For the ALS update rule with missing entries, is the update rule available in a closed (matrix) form ? In this case, could you explain how to get it ? Or is it only writable using a sum ?

Best,
Alessio

Top comment

Hi Allessio,

Or is it only writable using a sum?

I'm not sure if this is the only way, but I would certainly recommend writing the objective as a sum over the dataset. This way it is also more intuitive to differentiate the objective with respect to any of the rows of the two matrices. The ALS updates would be given by setting those derivatives to zero. After you did those derivations, you can check the results. If the expressions are linear with sums in them, you can try to write those back into matrix form.

Hello,

As a follow up to Alessio's question, I was trying to compute the derivative w.r to W of the closed form of the loss function given for ALS. For some reason, this task is a bit challenging and I struggle to retrieve the result of \(W^T\) that is presented in the slides when I set the derivative computed to 0.

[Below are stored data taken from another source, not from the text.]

(* Let $T$ be a tree of order $n>1$ rooted at a vertex $v$, and let $l\ne v$ be a leaf of $T$. Then the number of subtrees of $T$ containing both $v$ and $l$ is at most $2^{n-2}$, with equality if and only if $T$ is the star $S_n$ and $v$ is its center (i.e. $v$ is adjacent to every other vertex of $T$).
   Context: A subtree of a tree $T$ is a connected subgraph of $T$, determined by its nonempty vertex set. A leaf is a vertex of degree $1$. The star $S_n$ consists of a central vertex adjacent to $n-1$ leaves. *)

theory Defs
  imports Main
begin

definition simple_graph :: "'a set \<Rightarrow> 'a set set \<Rightarrow> bool" where
  "simple_graph V E \<longleftrightarrow> finite V \<and>
     (\<forall>e\<in>E. \<exists>u w. e = {u, w} \<and> u \<noteq> w \<and> u \<in> V \<and> w \<in> V)"

definition connected_on :: "'a set set \<Rightarrow> 'a set \<Rightarrow> bool" where
  "connected_on E S \<longleftrightarrow> S \<noteq> {} \<and>
     (\<forall>u\<in>S. \<forall>w\<in>S. (\<lambda>x y. x \<in> S \<and> y \<in> S \<and> {x, y} \<in> E)\<^sup>*\<^sup>* u w)"

definition is_cycle :: "'a set set \<Rightarrow> 'a list \<Rightarrow> bool" where
  "is_cycle E cs \<longleftrightarrow> length cs \<ge> 3 \<and> distinct cs \<and>
     (\<forall>i < length cs. {cs ! i, cs ! ((i + 1) mod length cs)} \<in> E)"

definition is_tree :: "'a set \<Rightarrow> 'a set set \<Rightarrow> bool" where
  "is_tree V E \<longleftrightarrow> simple_graph V E \<and> connected_on E V \<and> \<not> (\<exists>cs. is_cycle E cs)"

definition degree :: "'a set set \<Rightarrow> 'a \<Rightarrow> nat" where
  "degree E v = card {u. {u, v} \<in> E}"

definition is_leaf :: "'a set set \<Rightarrow> 'a \<Rightarrow> bool" where
  "is_leaf E v \<longleftrightarrow> degree E v = 1"

definition subtrees :: "'a set \<Rightarrow> 'a set set \<Rightarrow> 'a set set" where
  "subtrees V E = {S. S \<subseteq> V \<and> connected_on E S}"

end

theory Submission
  imports Defs
begin

text \<open>Every subtree containing \<open>v\<close> and \<open>l\<close> is determined by its remaining vertices, a subset of
  the \<open>n - 2\<close> other vertices; this gives the bound. Equality means every vertex set containing
  \<open>v\<close> and \<open>l\<close> is connected. Applied to \<open>{v, l}\<close> this makes \<open>l\<close> adjacent to \<open>v\<close>, and applied to
  \<open>{v, l, u}\<close> it makes \<open>u\<close> adjacent to \<open>v\<close> or \<open>l\<close>, where the latter is excluded since the leaf \<open>l\<close>
  already has its only neighbour \<open>v\<close>. Conversely, in a star every vertex set containing the
  centre is connected.\<close>

lemma card_supersets_within:
  assumes "finite V" "K \<subseteq> V"
  shows "card {S. K \<subseteq> S \<and> S \<subseteq> V} = 2 ^ (card V - card K)"
proof -
  have "bij_betw (\<lambda>A. A \<union> K) (Pow (V - K)) {S. K \<subseteq> S \<and> S \<subseteq> V}"
    by (rule bij_betw_byWitness[where f' = "\<lambda>S. S - K"]) (use assms(2) in auto)
  then have "card {S. K \<subseteq> S \<and> S \<subseteq> V} = card (Pow (V - K))"
    by (simp add: bij_betw_same_card)
  also have "\<dots> = 2 ^ (card V - card K)"
    using assms by (simp add: card_Pow card_Diff_subset finite_subset)
  finally show ?thesis .
qed

lemma card_family_of_supersets:
  assumes "finite V" "K \<subseteq> V" "C \<subseteq> {S. K \<subseteq> S \<and> S \<subseteq> V}"
  shows "card C \<le> 2 ^ (card V - card K)"
    and "card C = 2 ^ (card V - card K) \<longleftrightarrow> C = {S. K \<subseteq> S \<and> S \<subseteq> V}"
proof -
  have fin: "finite {S. K \<subseteq> S \<and> S \<subseteq> V}"
    using assms(1) by (auto intro: finite_subset[of _ "Pow V"])
  show "card C \<le> 2 ^ (card V - card K)"
    using card_mono[OF fin assms(3)] card_supersets_within[OF assms(1,2)] by simp
  show "card C = 2 ^ (card V - card K) \<longleftrightarrow> C = {S. K \<subseteq> S \<and> S \<subseteq> V}"
    using card_subset_eq[OF fin assms(3)] card_supersets_within[OF assms(1,2)] by auto
qed

lemma simple_graph_edge_distinct:
  assumes "simple_graph V E" "{u, w} \<in> E"
  shows "u \<noteq> w"
proof -
  obtain a b where "{u, w} = {a, b}" "a \<noteq> b"
    using assms unfolding simple_graph_def by blast
  then show ?thesis by (auto simp: doubleton_eq_iff)
qed

lemma connected_on_neighbour:
  assumes "connected_on E S" "u \<in> S" "w \<in> S" "u \<noteq> w"
  shows "\<exists>y\<in>S. {u, y} \<in> E"
proof -
  from assms(1-3) have "(\<lambda>x y. x \<in> S \<and> y \<in> S \<and> {x, y} \<in> E)\<^sup>*\<^sup>* u w"
    by (auto simp: connected_on_def)
  then show ?thesis
    by (cases rule: converse_rtranclpE) (use assms(4) in auto)
qed

lemma leaf_neighbour_unique:
  assumes "is_leaf E l" "{u, l} \<in> E" "{w, l} \<in> E"
  shows "u = w"
proof -
  have "card {x. {x, l} \<in> E} = 1"
    using assms(1) by (simp add: is_leaf_def degree_def)
  then obtain x where "{x. {x, l} \<in> E} = {x}"
    by (rule card_1_singletonE)
  then show ?thesis
    using assms(2,3) by (metis mem_Collect_eq singletonD)
qed

lemma connected_on_star:
  assumes star: "\<forall>u\<in>V. u \<noteq> v \<longrightarrow> {u, v} \<in> E" and "S \<subseteq> V" "v \<in> S"
  shows "connected_on E S"
proof -
  let ?R = "\<lambda>x y. x \<in> S \<and> y \<in> S \<and> {x, y} \<in> E"
  have to_centre: "?R\<^sup>*\<^sup>* u v" if "u \<in> S" for u
  proof (cases "u = v")
    case False
    then have "?R u v" using that assms by auto
    then show ?thesis by (rule r_into_rtranclp)
  qed simp
  have from_centre: "?R\<^sup>*\<^sup>* v u" if "u \<in> S" for u
  proof (cases "u = v")
    case False
    then have "?R v u" using that assms by (auto simp: insert_commute)
    then show ?thesis by (rule r_into_rtranclp)
  qed simp
  show ?thesis
    unfolding connected_on_def using assms(3) to_centre from_centre
    by (meson empty_iff rtranclp_trans)
qed

lemma star_if_supersets_of_leaf_connected:
  assumes "simple_graph V E" "is_leaf E l" "v \<in> V" "l \<in> V" "l \<noteq> v"
    and conn: "\<And>S. {v, l} \<subseteq> S \<Longrightarrow> S \<subseteq> V \<Longrightarrow> connected_on E S"
  shows "\<forall>u\<in>V. u \<noteq> v \<longrightarrow> {u, v} \<in> E"
proof (intro ballI impI)
  have "\<exists>y\<in>{v, l}. {l, y} \<in> E"
    using connected_on_neighbour[OF conn, of "{v, l}" l v] assms(3-5) by auto
  then obtain y where "y \<in> {v, l}" "{l, y} \<in> E" ..
  moreover have "l \<noteq> y"
    using simple_graph_edge_distinct[OF assms(1) \<open>{l, y} \<in> E\<close>] .
  ultimately have lv: "{v, l} \<in> E"
    by (auto simp: insert_commute)
  fix u assume u: "u \<in> V" "u \<noteq> v"
  show "{u, v} \<in> E"
  proof (cases "u = l")
    case True
    then show ?thesis using lv by (simp add: insert_commute)
  next
    case False
    have "\<exists>y\<in>{v, l, u}. {u, y} \<in> E"
      using connected_on_neighbour[OF conn, of "{v, l, u}" u v] u assms(3,4) by auto
    then obtain y where "y \<in> {v, l, u}" "{u, y} \<in> E" ..
    moreover have "u \<noteq> y"
      using simple_graph_edge_distinct[OF assms(1) \<open>{u, y} \<in> E\<close>] .
    moreover have "{u, l} \<notin> E"
      using leaf_neighbour_unique[OF assms(2) _ lv] u(2) by blast
    ultimately show ?thesis
      by auto
  qed
qed

theorem mainTheorem12:
  fixes V :: "'a set" and E :: "'a set set" and v l :: 'a and n :: nat
  assumes "is_tree V E" and "card V = n" and "n > 1"
    and "v \<in> V" and "l \<in> V" and "l \<noteq> v" and "is_leaf E l"
  shows "card {S \<in> subtrees V E. v \<in> S \<and> l \<in> S} \<le> 2 ^ (n - 2) \<and>
         (card {S \<in> subtrees V E. v \<in> S \<and> l \<in> S} = 2 ^ (n - 2) \<longleftrightarrow>
            (\<forall>u\<in>V. u \<noteq> v \<longrightarrow> {u, v} \<in> E))"
proof -
  have sg: "simple_graph V E" and fin: "finite V"
    using assms(1) by (auto simp: is_tree_def simple_graph_def)
  let ?C = "{S \<in> subtrees V E. v \<in> S \<and> l \<in> S}"
  have K: "{v, l} \<subseteq> V" and card_K: "card V - card {v, l} = n - 2"
    using assms(2,4-6) by auto
  have C: "?C \<subseteq> {S. {v, l} \<subseteq> S \<and> S \<subseteq> V}"
    by (auto simp: subtrees_def)
  have "?C = {S. {v, l} \<subseteq> S \<and> S \<subseteq> V} \<longleftrightarrow> (\<forall>u\<in>V. u \<noteq> v \<longrightarrow> {u, v} \<in> E)"
  proof
    assume "?C = {S. {v, l} \<subseteq> S \<and> S \<subseteq> V}"
    then have "\<And>S. {v, l} \<subseteq> S \<Longrightarrow> S \<subseteq> V \<Longrightarrow> connected_on E S"
      by (auto simp: subtrees_def)
    then show "\<forall>u\<in>V. u \<noteq> v \<longrightarrow> {u, v} \<in> E"
      using star_if_supersets_of_leaf_connected[OF sg assms(7,4-6)] by blast
  next
    assume "\<forall>u\<in>V. u \<noteq> v \<longrightarrow> {u, v} \<in> E"
    then show "?C = {S. {v, l} \<subseteq> S \<and> S \<subseteq> V}"
      using connected_on_star by (fastforce simp: subtrees_def)
  qed
  then show ?thesis
    using card_family_of_supersets[OF fin K C] card_K by simp
qed

end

For instance, if this is the closed form representation of the loss function (I added regularization terms)

\(\frac{1}{2} \vert \vert X-WZ^T \vert \vert + \frac{1}{2} \lambda_w \vert \vert W \vert \vert + \frac{1}{2} \lambda_z \vert \vert Z \vert \vert\)

Whenever I take the derivative of this loss w.r to W, set it to 0 and solve for W, I get dimension errors or a result that does not align/isn't equivalent to the one given in the slides. Additionally, why is the solution of \(W^T\) given instead of simply W? Does this imply that it is easier to take the derivative of the loss w.r to \(W^T\)? Even so, I cannot seem to retrieve the solution given - I am most likely doing something wrong. Taking the derivative as a sum over the whole dataset also seems like a much more arduous and time consuming task. Is it usually the way you would recommend retrieving these computations?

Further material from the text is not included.